We are proud to be leading and collaborating open source innovation to make this happen using open source products like Drupal and Solr. By sponsoring a Drupal 7 backport, we pave the way for others to offer a similar experience to their users and constituents, meeting our intention to contribute back to the community.

Futurism Meets Inclusion

Making our content available via new channels like Amazon’s Alexa is an important next step for us. Conversational interfaces are accessible by nature, providing another avenue for people with vision impairments or mobility limitations to interact. It is very important for us to keep in mind that while we set on this futuristic pursuit, we are doing so in a way that includes all Georgians.
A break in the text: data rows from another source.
(* Consider the two-regime Gaussian non-homogeneous Markov-switching AR model described in the context, with a fixed parameter $\theta\in\tilde\Theta$. Then the Markov chain $(X_k,Y_{k-s+1}^k)_k$ on $\{1,2\}\times\mathbb R^s$ is $\psi$-irreducible with $\psi=\mu$. Moreover, for every $R>0$, the set $E_R:=\{(x,y_{-s+1}^0)\in\{1,2\}\times\mathbb R^s:\ \|y_{-s+1}^0\|\le R\}$ is $\nu_s$-small and $\nu_{s+1}$-small for some measures $\nu_s$ and $\nu_{s+1}$ equivalent to $\mu$; hence the Markov chain is aperiodic.
   Context: Let $s\ge1$ and $1\le r\le s$ be integers, $E=\{1,2\}$ with counting measure, $K=\mathbb R$ with Lebesgue measure, $\mu$ the product of counting measure on $\{1,2\}$ and Lebesgue measure on $\mathbb R^s$, and $\|\cdot\|$ a norm on $\mathbb R^s$. The process $(X_k,Y_k)_k$ on $\{1,2\}\times\mathbb R$ satisfies $Y_k=\beta_0^{(X_k)}+\sum_{\ell=1}^s\beta_\ell^{(X_k)}Y_{k-\ell}+\sigma^{(X_k)}\epsilon_k$ with $(\epsilon_k)$ iid standard Gaussian (independent of the past), i.e. the conditional density of $Y_k$ given the past and $X_k=x$ is the Gaussian density with mean $\beta_0^{(x)}+\sum_{\ell=1}^s\beta_\ell^{(x)}y_{k-\ell}$ and standard deviation $\sigma^{(x)}$; and, conditionally on the past, $X_k$ depends only on $X_{k-1}$ and $Y_{k-s}^{k-1}$ with $P(X_k=x|X_{k-1}=x,Y_{k-s}^{k-1}=y_{k-s}^{k-1})=\pi_-^{(x)}+\frac{1-\pi_-^{(x)}-\pi_+^{(x)}}{1+\exp(\lambda_0^{(x)}+\lambda_1^{(x)}y_{k-r})}$ and the probability of switching to the other state equal to one minus this. The parameter is $\theta=((\beta_i^{(x)}),(\sigma^{(x)}),(\pi_-^{(x)}),(\pi_+^{(x)}),(\lambda_i^{(x)}))$, with $\beta_i^{(x)},\lambda_i^{(x)}\in\mathbb R$, and $\tilde\Theta$ is the set of such $\theta$ with, for every $x\in\{1,2\}$, $\sigma^{(x)}>0$ and $0<\pi_-^{(x)}<1-\pi_+^{(x)}<1$. *)

theory Defs
  imports "HOL-Probability.Probability"
begin

text \<open>States are pairs (x, y) with regime x in {1,2} and the window
  y = (y_{-s+1}, ..., y_0) stored as an extensional function on {..<s} with
  y i = y_{-s+1+i}; hence the lag-l value Y_{k-l} (l = 1..s) used to generate Y_k
  is y (s - l) when the current state is the window ending at time k-1.\<close>

record msar_param =
  ms_beta :: "nat \<Rightarrow> nat \<Rightarrow> real"   (* ms_beta x i = beta_i^(x), i = 0..s *)
  ms_sigma :: "nat \<Rightarrow> real"
  ms_pim :: "nat \<Rightarrow> real"
  ms_pip :: "nat \<Rightarrow> real"
  ms_lam0 :: "nat \<Rightarrow> real"
  ms_lam1 :: "nat \<Rightarrow> real"

definition theta_tilde :: "msar_param set" where
  "theta_tilde = {\<theta>. \<forall>x\<in>{1,2::nat}. ms_sigma \<theta> x > 0 \<and> 0 < ms_pim \<theta> x
       \<and> ms_pim \<theta> x < 1 - ms_pip \<theta> x \<and> 1 - ms_pip \<theta> x < 1}"

definition Rs :: "nat \<Rightarrow> (nat \<Rightarrow> real) measure" where
  "Rs s = (\<Pi>\<^sub>M i\<in>{..<s}. lborel)"

text \<open>The reference measure mu on {1,2} x R^s.\<close>
definition state_space :: "nat \<Rightarrow> (nat \<times> (nat \<Rightarrow> real)) measure" where
  "state_space s = count_space {1,2} \<Otimes>\<^sub>M Rs s"

definition shift :: "nat \<Rightarrow> (nat \<Rightarrow> real) \<Rightarrow> real \<Rightarrow> nat \<Rightarrow> real" where
  "shift s y z = (\<lambda>i. if i < s - 1 then y (Suc i) else if i = s - 1 then z else undefined)"

definition ar_mean :: "nat \<Rightarrow> msar_param \<Rightarrow> nat \<Rightarrow> (nat \<Rightarrow> real) \<Rightarrow> real" where
  "ar_mean s \<theta> x y = ms_beta \<theta> x 0 + (\<Sum>l=1..s. ms_beta \<theta> x l * y (s - l))"

definition stay_prob :: "nat \<Rightarrow> nat \<Rightarrow> msar_param \<Rightarrow> nat \<Rightarrow> (nat \<Rightarrow> real) \<Rightarrow> real" where
  "stay_prob s r \<theta> x y = ms_pim \<theta> x + (1 - ms_pim \<theta> x - ms_pip \<theta> x)
       / (1 + exp (ms_lam0 \<theta> x + ms_lam1 \<theta> x * y (s - r)))"
(* For every set $\Gamma$ of formulas and every formula $\alpha$ of the language of $\mathbb{F}$ containing no nested modal operators, $\Gamma\models^{\mathbb{F}}\alpha$ if and only if $\Gamma^*\models\alpha^*$, where $\Gamma^*=\{\gamma^*:\gamma\in\Gamma\}$.
   Context: Propositional formulas are built from a countable set of variables with $\bot,\land,\lor,\to,\leftrightarrow,\neg$. The language of $\mathbb{F}$ adds unary $\Box,\lozenge$ and dyadic $\bigcirc(\psi/\varphi)$; a formula has no nested modal operators (is flat) if $\Box,\lozenge,\bigcirc$ are applied only to propositional formulas. A preference model is $\langle S,\succeq,V\rangle$ with $S$ a set, $\succeq\subseteq S\times S$ arbitrary, $V$ a valuation; for a set $X\subseteq S$, $\mathit{most}(X)=\{s\in X:\forall v\in X\,(v\succeq s\Rightarrow s\succeq v)\}$; it satisfies limitedness if for every formula $\varphi$, $\|\varphi\|\neq\emptyset\Rightarrow\mathit{most}(\|\varphi\|)\neq\emptyset$, where $\|\varphi\|$ is the truth set. Truth: Boolean clauses as usual; $\Box\varphi$ holds at $s$ iff $\varphi$ holds at every state; $\lozenge\varphi$ iff $\varphi$ holds at some state; $\bigcirc(\psi/\varphi)$ holds at $s$ iff $\mathit{most}(\|\varphi\|)\subseteq\|\psi\|$. $\Gamma\models^{\mathbb{F}}\alpha$ means: in every preference model satisfying limitedness, at every state where all of $\Gamma$ hold, $\alpha$ holds. The language $\mathcal{L}_T$ is $\alpha::=\varphi\mid\varphi\rightsquigarrow\varphi\mid B(\alpha)\mid\alpha*\alpha\mid\neg\alpha$ ($\varphi$ propositional, $*$ binary connective). A Trust model is $\mathcal{M}=\langle S,(S_i)_{i\in I},(\succeq_i)_{i\in I},R,V\rangle$ where $R\subseteq S\times S$ is serial and transitive, $(S_i)_{i\in I}$ is a partition of $S$, each $\succeq_i\subseteq S_i\times S_i$ is arbitrary, $V$ assigns to each variable a subset of $S$, and for each $i$ and each propositional $\varphi$: $\|\varphi\|_i\neq\emptyset\Rightarrow\mathit{most}(\|\varphi\|_i)\neq\emptyset$, where $\|\varphi\|_i=\{v\in S_i:\mathcal{M},v\models\varphi\}$ and $\mathit{most}(\|\varphi\|_i)=\{s\in\|\varphi\|_i:\forall v\in\|\varphi\|_i\,(v\succeq_i s\Rightarrow s\succeq_i v)\}$. Truth: $s\models p$ iff $s\in V(p)$; Boolean clauses as usual; $s\models\varphi\rightsquigarrow\psi$ iff $\mathit{most}(\|\varphi\|_i)\subseteq\|\psi\|_i$ for the $i$ with $s\in S_i$; $s\models B(\alpha)$ iff $v\models\alpha$ for all $v$ with $sRv$. $\Gamma\models\alpha$ means: in every Trust model, at every state where all of $\Gamma$ hold, $\alpha$ holds. Translation $^*$: $\varphi^*=\varphi$ for propositional $\varphi$, $(\Box\varphi)^*=\neg\varphi\rightsquigarrow\bot$, $(\lozenge\varphi)^*=\neg(\varphi\rightsquigarrow\bot)$, $(\bigcirc(\psi/\varphi))^*=\varphi\rightsquigarrow\psi$, commuting with Boolean connectives. *)

theory Defs
  imports Main
begin
lemma reducer_in_lucas_ideal:
  assumes "x \<notin> standard n"
  shows "reducer n x \<in> lucas_ideal n"
proof (cases x)
  case (fields i a c)
  show ?thesis
  proof (cases "n \<le> i")
    case True
    then show ?thesis
      using fields generators_in_lucas_ideal(1)
      unfolding lucas_ideal_def by (auto simp: reducer.simps intro!: gen_ideal_closed polys3_closed)
  next
    case False
    define j where "j = Suc n - min a (Suc n)"
    have j: "j \<le> c" "j \<le> Suc n" "Suc n - j = min a (Suc n)"
      using assms fields False by (auto simp: standard_def j_def)
    have "reducer n x = mon (i, a - Suc n, c - j) * (vk ^ j * lucas (Suc n - j))"
      using fields False j by (simp add: reducer.simps mult.assoc[symmetric] mon_mult_powers)
    moreover have "vk ^ j * lucas (Suc n - j) \<in> lucas_ideal n"
      using lucas_shift_in_gen_ideal[OF generators_in_lucas_ideal(2,3)[unfolded lucas_ideal_def] j(2)]
      unfolding lucas_ideal_def .
    ultimately show ?thesis
      unfolding lucas_ideal_def by (auto intro!: gen_ideal_closed polys3_closed)
  qed
qed

definition mon_less :: "((nat \<times> nat \<times> nat) \<times> (nat \<times> nat \<times> nat)) set" where
  "mon_less = inv_image (less_than <*lex*> less_than) (\<lambda>(i, a, c). (i, a))"

lemma wf_mon_less: "wf mon_less"
  unfolding mon_less_def by (intro wf_inv_image wf_lex_prod wf_less_than)
(* Let $G$ be a connected graph with minimum degree $\delta(G)\ge 3$, and let $D\subseteq V(G)$ be a connected $3$-dominating set of $G$. Then $px_3(G)\le px_3(G[D])+1$. Moreover, this bound is tight (there are such graphs $G$ and sets $D$ with equality).
   Context: All graphs are finite, simple and undirected. For $D\subseteq V(G)$, $G[D]$ is the induced subgraph. A set $D$ is a $3$-dominating set of $G$ if every vertex of $V(G)\setminus D$ is adjacent to at least $3$ distinct vertices of $D$; it is connected if $G[D]$ is connected. An edge-coloring assigns colors to edges, adjacent edges being allowed to share a color. A tree in an edge-colored graph is proper if no two adjacent edges of it receive the same color. An edge-coloring of a connected graph $H$ is a $3$-proper coloring if for every $3$-element set $S\subseteq V(H)$ there is a proper tree in $H$ containing all vertices of $S$; $px_3(H)$ is the minimum number of colors in a $3$-proper coloring of $H$. *)

theory Defs
  imports Main
begin

definition graph :: "'a set \<Rightarrow> 'a set set \<Rightarrow> bool" where
  "graph V E \<longleftrightarrow> finite V \<and> (\<forall>e\<in>E. \<exists>u v. e = {u, v} \<and> u \<in> V \<and> v \<in> V \<and> u \<noteq> v)"

definition induced_edges :: "'a set set \<Rightarrow> 'a set \<Rightarrow> 'a set set" where
  "induced_edges E D = {e \<in> E. e \<subseteq> D}"

definition degree :: "'a set \<Rightarrow> 'a set set \<Rightarrow> 'a \<Rightarrow> nat" where
  "degree V E v = card {u \<in> V. {u, v} \<in> E}"

definition min_degree_ge :: "'a set \<Rightarrow> 'a set set \<Rightarrow> nat \<Rightarrow> bool" where
  "min_degree_ge V E k \<longleftrightarrow> (\<forall>v\<in>V. degree V E v \<ge> k)"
Digital Services Georgia always looks forward to enriching our constituents’ experience in accessing state government information. This project, though enabled just for the Georgia.gov flagship website, is a perfect testing ground to explore what we can accomplish in making existing information conversational. We hope to extend this to other agencies so that citizens, regardless of their abilities, can access even more state service information in their own way.

Just as the touch interfaces changed interaction with visual content, we hope to offer the same level of ease to non-screen devices, extending our commitment to providing interaction without any barriers.

(Digital Services Georgia was formerly known as GeorgiaGov Interactive. It is an office within the Georgia Technology Authority).